# Maca and goji berries



## Dodge (Jan 11, 2009)

Both goji berries and maca, several internet sites claim, raise testosterone and energy levels way above your average level. One site even claimed maca has 'steroidal properties'. These claims are very similar to ZMA.
Now, ive tried both. Dried goji berries from tescos were infact very good, i felt more alert, energised, confident(im shy as fuck) and ready to go. Asda brand (these are UK based shops/supermarkets) didnt have any effect and tasted worse. Holland &Barret's brand (Neal's Yard, mabe an international brand) must have a pesticide i cant handle because small amounts gave me stomach ache and lots made me throw up, and i usualy have a good stomache...so i cant comment on those.
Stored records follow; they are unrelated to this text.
(* Assume the rank-1 setting described in the context and that Assumption 3 holds. Then for all sufficiently large $n$, for every $C\subseteq V$ with $|C|=r$, every maximizer $D^\star_C$ of $\frac{\mathbb{E}_0[e(D)]}{|D|\log(n/|D|)}$ over nonempty $D\subseteq C$ satisfies $|D^\star_C|\ge r^{1/3}$.
   Context: Rank-1 setting. For each $n$ let $V=\{1,\dots,n\}$ with vertex weights $\theta_i\in(0,1)$ and edge probabilities $p_{ij}=\theta_i\theta_j$ ($i\ne j$). Under $\mathbb{P}_0$ the adjacency entries $A_{ij}$ ($i<j$) of a random simple graph on $V$ are independent $\mathrm{Bern}(p_{ij})$, so that $\mathbb{E}_0[e(D)]=\sum_{i<j,\ i,j\in D}\theta_i\theta_j$, where $e(D)$ is the number of edges inside $D$. $r=r_n$ is a community size. All quantities may depend on $n$, and asymptotics are as $n\to\infty$. Assumption 3. With $\theta_{\max}=\max_i\theta_i$ and $\theta_{\min}=\min_i\theta_i$: $(\theta_{\max}/\theta_{\min})^2=o\big(r^{2/3}\wedge\frac nr\theta_{\min}^2\big)$. *)

theory Defs
  imports Complex_Main "HOL-Library.Landau_Symbols"
begin

text \<open>Rank-1 setting: for each n, vertex weights theta n i for i in V = {1..n}.\<close>

definition theta_max :: "(nat \<Rightarrow> nat \<Rightarrow> real) \<Rightarrow> nat \<Rightarrow> real" where
  "theta_max theta n = Max (theta n ` {1..n})"

definition theta_min :: "(nat \<Rightarrow> nat \<Rightarrow> real) \<Rightarrow> nat \<Rightarrow> real" where
  "theta_min theta n = Min (theta n ` {1..n})"

text \<open>Expected number of edges inside D under P_0: sum over i<j in D of theta_i theta_j.\<close>
definition exp_edges :: "(nat \<Rightarrow> nat \<Rightarrow> real) \<Rightarrow> nat \<Rightarrow> nat set \<Rightarrow> real" where
  "exp_edges theta n D = (\<Sum>(i,j)\<in>{(i,j). i \<in> D \<and> j \<in> D \<and> i < j}. theta n i * theta n j)"

definition objective :: "(nat \<Rightarrow> nat \<Rightarrow> real) \<Rightarrow> nat \<Rightarrow> nat set \<Rightarrow> real" where
  "objective theta n D = exp_edges theta n D / (real (card D) * ln (real n / real (card D)))"

definition is_maximizer :: "(nat \<Rightarrow> nat \<Rightarrow> real) \<Rightarrow> nat \<Rightarrow> nat set \<Rightarrow> nat set \<Rightarrow> bool" where
  "is_maximizer theta n C D \<longleftrightarrow> D \<subseteq> C \<and> D \<noteq> {} \<and>
     (\<forall>D'. D' \<subseteq> C \<and> D' \<noteq> {} \<longrightarrow> objective theta n D' \<le> objective theta n D)"

end

theory Submission imports Defs begin

text \<open>Bounding every weight by \<open>theta_min\<close> and \<open>theta_max\<close>, a set of size \<open>d \<le> r < n\<close>
  has objective at most \<open>(d-1) theta_max\<^sup>2 / (2 ln(n/r))\<close>, because \<open>ln(n/d) \<ge> ln(n/r) > 0\<close>,
  while C itself has objective at least \<open>(r-1) theta_min\<^sup>2 / (2 ln(n/r))\<close>. Assumption 3
  eventually gives \<open>r < n\<close> and \<open>(theta_max/theta_min)\<^sup>2 \<le> r\<^bsup>2/3\<^esup>/2\<close>, so \<open>d < r\<^bsup>1/3\<^esup>\<close> would
  give \<open>(d-1) theta_max\<^sup>2 < r/2 \<cdot> theta_min\<^sup>2 \<le> (r-1) theta_min\<^sup>2\<close>: D would lose to C.\<close>

lemma card_ordered_pairs:
  fixes D :: "'a::linorder set"
  assumes "finite D"
  shows "2 * real (card {(i,j). i \<in> D \<and> j \<in> D \<and> i < j}) = real (card D) * (real (card D) - 1)"
proof -
  define P where "P = {(i,j). i \<in> D \<and> j \<in> D \<and> i < j}"
  define Q where "Q = {(i,j). i \<in> D \<and> j \<in> D \<and> j < i}"
  define T where "T = (\<lambda>i. (i,i)) ` D"
  have "P \<subseteq> D \<times> D" "Q \<subseteq> D \<times> D" unfolding P_def Q_def by auto
  then have fin: "finite P" "finite Q" "finite T"
    using assms by (auto intro: rev_finite_subset simp: T_def)
  have "Q = (\<lambda>(i,j). (j,i)) ` P" unfolding P_def Q_def by auto
  moreover have "inj_on (\<lambda>(i,j). (j,i)) P" by (auto simp: inj_on_def)
  ultimately have card_Q: "card Q = card P" by (simp add: card_image)
  have card_T: "card T = card D" unfolding T_def by (simp add: card_image inj_on_def)
  have "D \<times> D = (P \<union> Q) \<union> T" "P \<inter> Q = {}" "(P \<union> Q) \<inter> T = {}"
    unfolding P_def Q_def T_def by auto
  then have "card (D \<times> D) = card P + card Q + card T"
    using fin by (simp add: card_Un_disjoint)
  then have "real (card D) * real (card D) = 2 * real (card P) + real (card D)"
    using card_Q card_T by (simp add: card_cartesian_product flip: of_nat_mult)
  then show ?thesis unfolding P_def[symmetric] by (simp add: algebra_simps)
qed

lemma exp_edges_le:
  assumes "finite D" and "\<And>i. i \<in> D \<Longrightarrow> 0 \<le> theta n i \<and> theta n i \<le> M"
  shows "2 * exp_edges theta n D \<le> real (card D) * (real (card D) - 1) * M\<^sup>2"
proof -
  have "exp_edges theta n D \<le> real (card {(i,j). i \<in> D \<and> j \<in> D \<and> i < j}) * M\<^sup>2"
    unfolding exp_edges_def
    by (rule sum_bounded_above) (use assms(2) in \<open>force simp: power2_eq_square intro!: mult_mono\<close>)
  then have "2 * exp_edges theta n D \<le> 2 * real (card {(i,j). i \<in> D \<and> j \<in> D \<and> i < j}) * M\<^sup>2"
    by simp
  then show ?thesis unfolding card_ordered_pairs[OF assms(1)] .
qed

lemma exp_edges_ge:
  assumes "finite D" and "0 \<le> m" and "\<And>i. i \<in> D \<Longrightarrow> m \<le> theta n i"
  shows "real (card D) * (real (card D) - 1) * m\<^sup>2 \<le> 2 * exp_edges theta n D"
proof -
  have "real (card {(i,j). i \<in> D \<and> j \<in> D \<and> i < j}) * m\<^sup>2 \<le> exp_edges theta n D"
    unfolding exp_edges_def
    by (rule sum_bounded_below) (use assms(2,3) in \<open>force simp: power2_eq_square intro!: mult_mono\<close>)
  then have "2 * real (card {(i,j). i \<in> D \<and> j \<in> D \<and> i < j}) * m\<^sup>2 \<le> 2 * exp_edges theta n D"
    by simp
  then show ?thesis unfolding card_ordered_pairs[OF assms(1)] .
qed

lemma theta_min_le: "i \<in> {1..n} \<Longrightarrow> theta_min theta n \<le> theta n i"
  unfolding theta_min_def by simp

lemma theta_le_max: "i \<in> {1..n} \<Longrightarrow> theta n i \<le> theta_max theta n"
  unfolding theta_max_def by simp

lemma theta_min_pos:
  assumes "1 \<le> n" and "\<And>i. i \<in> {1..n} \<Longrightarrow> 0 < theta n i"
  shows "0 < theta_min theta n"
  unfolding theta_min_def using assms by (subst Min_gr_iff) auto

lemma objective_le:
  assumes pos: "\<And>i. i \<in> {1..n} \<Longrightarrow> 0 < theta n i"
    and D: "D \<subseteq> {1..n}" "D \<noteq> {}" and k: "card D \<le> k" "k < n"
  shows "objective theta n D \<le> (real (card D) - 1) * (theta_max theta n)\<^sup>2 / (2 * ln (real n / real k))"
proof -
  define d where "d = real (card D)"
  define X where "X = (d - 1) * (theta_max theta n)\<^sup>2 / 2"
  have fin: "finite D" using D(1) finite_subset by blast
  then have d1: "1 \<le> d" unfolding d_def using D(2) by (simp add: Suc_le_eq card_gt_0_iff)
  then have X0: "0 \<le> X" unfolding X_def by simp
  have dk: "d \<le> real k" "real k < real n" using k unfolding d_def by simp_all
  have L0: "0 < ln (real n / real k)" using d1 dk by simp
  have "ln (real n / real k) \<le> ln (real n / d)"
    using d1 dk by (simp add: frac_le)
  note L = L0 this
  have "\<And>i. i \<in> D \<Longrightarrow> 0 \<le> theta n i \<and> theta n i \<le> theta_max theta n"
    using D(1) pos theta_le_max by (meson less_imp_le subsetD)
  then have "2 * exp_edges theta n D \<le> d * (d - 1) * (theta_max theta n)\<^sup>2"
    using exp_edges_le[OF fin] unfolding d_def by blast
  then have "exp_edges theta n D \<le> d * X" unfolding X_def by simp
  then have "objective theta n D \<le> (d * X) / (d * ln (real n / d))"
    unfolding objective_def d_def[symmetric] using d1 L by (intro divide_right_mono) auto
  also have "\<dots> = X / ln (real n / d)" using d1 by simp
  also have "\<dots> \<le> X / ln (real n / real k)" using X0 L by (intro divide_left_mono) auto
  finally show ?thesis unfolding X_def d_def by simp
qed

lemma objective_ge:
  assumes pos: "\<And>i. i \<in> {1..n} \<Longrightarrow> 0 < theta n i"
    and C: "C \<subseteq> {1..n}" "C \<noteq> {}" "card C < n"
  shows "(real (card C) - 1) * (theta_min theta n)\<^sup>2 / (2 * ln (real n / real (card C)))
    \<le> objective theta n C"
proof -
  define c where "c = real (card C)"
  define L where "L = ln (real n / c)"
  have fin: "finite C" using C(1) finite_subset by blast
  then have c1: "1 \<le> c" unfolding c_def using C(2) by (simp add: Suc_le_eq card_gt_0_iff)
  have L0: "0 < L" using c1 C(3) unfolding L_def c_def by simp
  have "0 < theta_min theta n" using C(3) pos by (intro theta_min_pos) auto
  moreover have "\<And>i. i \<in> C \<Longrightarrow> theta_min theta n \<le> theta n i"
    using C(1) theta_min_le by blast
  ultimately have "c * ((c - 1) * (theta_min theta n)\<^sup>2) \<le> 2 * exp_edges theta n C"
    using exp_edges_ge[OF fin] unfolding c_def by (simp add: mult.assoc)
  then have "c * ((c - 1) * (theta_min theta n)\<^sup>2) / (2 * (c * L)) \<le> 2 * exp_edges theta n C / (2 * (c * L))"
    using c1 L0 by (intro divide_right_mono) auto
  then show ?thesis unfolding objective_def c_def[symmetric] L_def[symmetric] using c1 by simp
qed

lemma maximizer_card_ge_cube_root:
  assumes pos: "\<And>i. i \<in> {1..n} \<Longrightarrow> 0 < theta n i"
    and C: "C \<subseteq> {1..n}" "card C = r" and r: "2 \<le> r" "r < n"
    and ratio: "(theta_max theta n / theta_min theta n)\<^sup>2 \<le> real r powr (2/3) / 2"
    and max: "is_maximizer theta n C D"
  shows "real r powr (1/3) \<le> real (card D)"
proof (rule ccontr)
  assume "\<not> real r powr (1/3) \<le> real (card D)"
  then have small: "real (card D) - 1 < real r powr (1/3)" by simp
  define tm where "tm = theta_min theta n"
  define tM where "tM = theta_max theta n"
  define L where "L = 2 * ln (real n / real r)"
  have D: "D \<subseteq> C" "D \<noteq> {}" and C_ne: "C \<noteq> {}"
    using max r C(2) unfolding is_maximizer_def by auto
  have fin_D: "finite D" using D(1) C(1) by (meson finite_atLeastAtMost finite_subset)
  have "card D \<le> r" using C card_mono[OF _ D(1)] finite_subset by blast
  then have obj_D: "objective theta n D \<le> (real (card D) - 1) * tM\<^sup>2 / L"
    unfolding tM_def L_def using objective_le[where theta=theta, OF pos _ D(2)] D(1) C(1) r(2) by blast
  have tm0: "0 < tm" unfolding tm_def using r pos by (intro theta_min_pos) auto
  have "1 \<le> card D" using fin_D D(2) by (simp add: Suc_le_eq card_gt_0_iff)
  then have "(real (card D) - 1) * (tM / tm)\<^sup>2 \<le> (real (card D) - 1) * (real r powr (2/3) / 2)"
    using ratio unfolding tm_def tM_def by (intro mult_left_mono) auto
  also have "\<dots> < real r powr (1/3) * (real r powr (2/3) / 2)"
    using small r by (intro mult_strict_right_mono) auto
  also have "\<dots> = real r / 2" using r by (simp flip: powr_add)
  also have "\<dots> \<le> real r - 1" using r by simp
  finally have "(real (card D) - 1) * (tM / tm)\<^sup>2 * tm\<^sup>2 < (real r - 1) * tm\<^sup>2"
    using tm0 by (intro mult_strict_right_mono) auto
  then have "(real (card D) - 1) * tM\<^sup>2 < (real r - 1) * tm\<^sup>2"
    using tm0 by (simp add: power_divide)
  moreover have "0 < L" unfolding L_def using r by simp
  ultimately have "objective theta n D < (real r - 1) * tm\<^sup>2 / L"
    using obj_D divide_strict_right_mono by (meson order_le_less_trans)
  also have "\<dots> \<le> objective theta n C"
    unfolding tm_def L_def using objective_ge[where theta=theta, OF pos C(1) C_ne] C(2) r(2) by simp
  finally show False using max C_ne unfolding is_maximizer_def by auto
qed

lemma eventually_small_weight_ratio:
  fixes theta :: "nat \<Rightarrow> nat \<Rightarrow> real" and r :: "nat \<Rightarrow> nat"
  assumes theta_range: "\<And>n i. i \<in> {1..n} \<Longrightarrow> 0 < theta n i \<and> theta n i < 1"
    and ratio_small: "(\<lambda>n. (theta_max theta n / theta_min theta n)\<^sup>2) \<in>
        o[sequentially](\<lambda>n. min (real (r n) powr (2/3)) (real n / real (r n) * (theta_min theta n)\<^sup>2))"
  shows "\<forall>\<^sub>F n in sequentially. 2 \<le> r n \<and> r n < n \<and>
    (theta_max theta n / theta_min theta n)\<^sup>2 \<le> real (r n) powr (2/3) / 2"
proof -
  have "\<forall>\<^sub>F n in sequentially. norm ((theta_max theta n / theta_min theta n)\<^sup>2) \<le>
      1/2 * norm (min (real (r n) powr (2/3)) (real n / real (r n) * (theta_min theta n)\<^sup>2))"
    using landau_o.smallD[OF ratio_small, of "1/2"] by simp
  moreover have "\<forall>\<^sub>F n in sequentially. 1 \<le> n" by (rule eventually_ge_at_top)
  ultimately show ?thesis
  proof eventually_elim
    case (elim n)
    define tm where "tm = theta_min theta n"
    define tM where "tM = theta_max theta n"
    define R where "R = real (r n)"
    have one: "1 \<in> {1..n}" using elim(2) by simp
    have "tm \<le> theta n 1" "theta n 1 \<le> tM" "theta n 1 < 1"
      using theta_min_le[OF one] theta_le_max[OF one] theta_range[OF one]
      unfolding tm_def tM_def by auto
    moreover have "0 < tm" unfolding tm_def using theta_range elim(2) by (intro theta_min_pos) auto
    ultimately have tm: "0 < tm" "tm \<le> tM" "tm < 1" by auto
    then have "1 \<le> (tM / tm)\<^sup>2" by simp
    moreover have bound: "2 * (tM / tm)\<^sup>2 \<le> R powr (2/3)" "2 * (tM / tm)\<^sup>2 \<le> real n / R * tm\<^sup>2"
      using elim(1) unfolding tm_def tM_def R_def by auto
    ultimately have big: "2 \<le> R powr (2/3)" "2 \<le> real n / R * tm\<^sup>2" by auto
    have R2: "2 \<le> R"
    proof (rule ccontr)
      assume "\<not> 2 \<le> R"
      then have "R \<le> 1" unfolding R_def by simp
      then have "R powr (2/3) \<le> 1" unfolding R_def by (intro powr_le1) auto
      with big(1) show False by simp
    qed
    have "tm\<^sup>2 \<le> 1" using tm by (simp add: power_le_one)
    then have "real n / R * tm\<^sup>2 \<le> real n / R" using R2 by (intro mult_left_le) auto
    then have "2 \<le> real n / R" using big(2) by linarith
    then have "R < real n" using R2 by (simp add: le_divide_eq)
    then show ?case using R2 bound(1) unfolding R_def tM_def tm_def by simp
  qed
qed

theorem lemma1:
  fixes theta :: "nat \<Rightarrow> nat \<Rightarrow> real" and r :: "nat \<Rightarrow> nat"
  assumes theta_range: "\<And>n i. i \<in> {1..n} \<Longrightarrow> 0 < theta n i \<and> theta n i < 1"
    and assumption3: "(\<lambda>n. (theta_max theta n / theta_min theta n)\<^sup>2) \<in>
        o[sequentially](\<lambda>n. min (real (r n) powr (2/3))
                                   (real n / real (r n) * (theta_min theta n)\<^sup>2))"
  shows "\<forall>\<^sub>F n in sequentially. \<forall>C D. C \<subseteq> {1..n} \<and> card C = r n \<and> is_maximizer theta n C D
            \<longrightarrow> real (card D) \<ge> real (r n) powr (1/3)"
proof (rule eventually_mono[OF eventually_small_weight_ratio[OF theta_range assumption3]], safe)
  fix n C D
  assume "2 \<le> r n" "r n < n" "(theta_max theta n / theta_min theta n)\<^sup>2 \<le> real (r n) powr (2/3) / 2"
    and "C \<subseteq> {1..n}" "card C = r n" "is_maximizer theta n C D"
  then show "real (r n) powr (1/3) \<le> real (card D)"
    using theta_range by (intro maximizer_card_ge_cube_root) auto
qed

end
Maca was good for not feeling tired, but thats about it that i noticed. I got liquid extract online and was expensive for the size considering i didnt notice a huge effect.

Anyone else tried these as additions to or as alternatives to suppliments?


----------



## ArnoldsProtege (Jan 11, 2009)

dont know about its effect on testosterone, but ive heard goji berries are the shit when it comes to antioxidants.


----------



## Dodge (Feb 27, 2009)

so theres not that much more info on that subject to be had? lol

yeah they wipe the floor with the common fruits with antioxidants


----------



## Merkaba (Feb 27, 2009)

supposedly.  Dried out renders different nutritional values opposed to a fresh fruit though.


----------



## Dodge (Feb 27, 2009)

and extract? that means that its artificialy recreated in a lab, right? but they word it so tht you dont realise that, or so i heard anyway.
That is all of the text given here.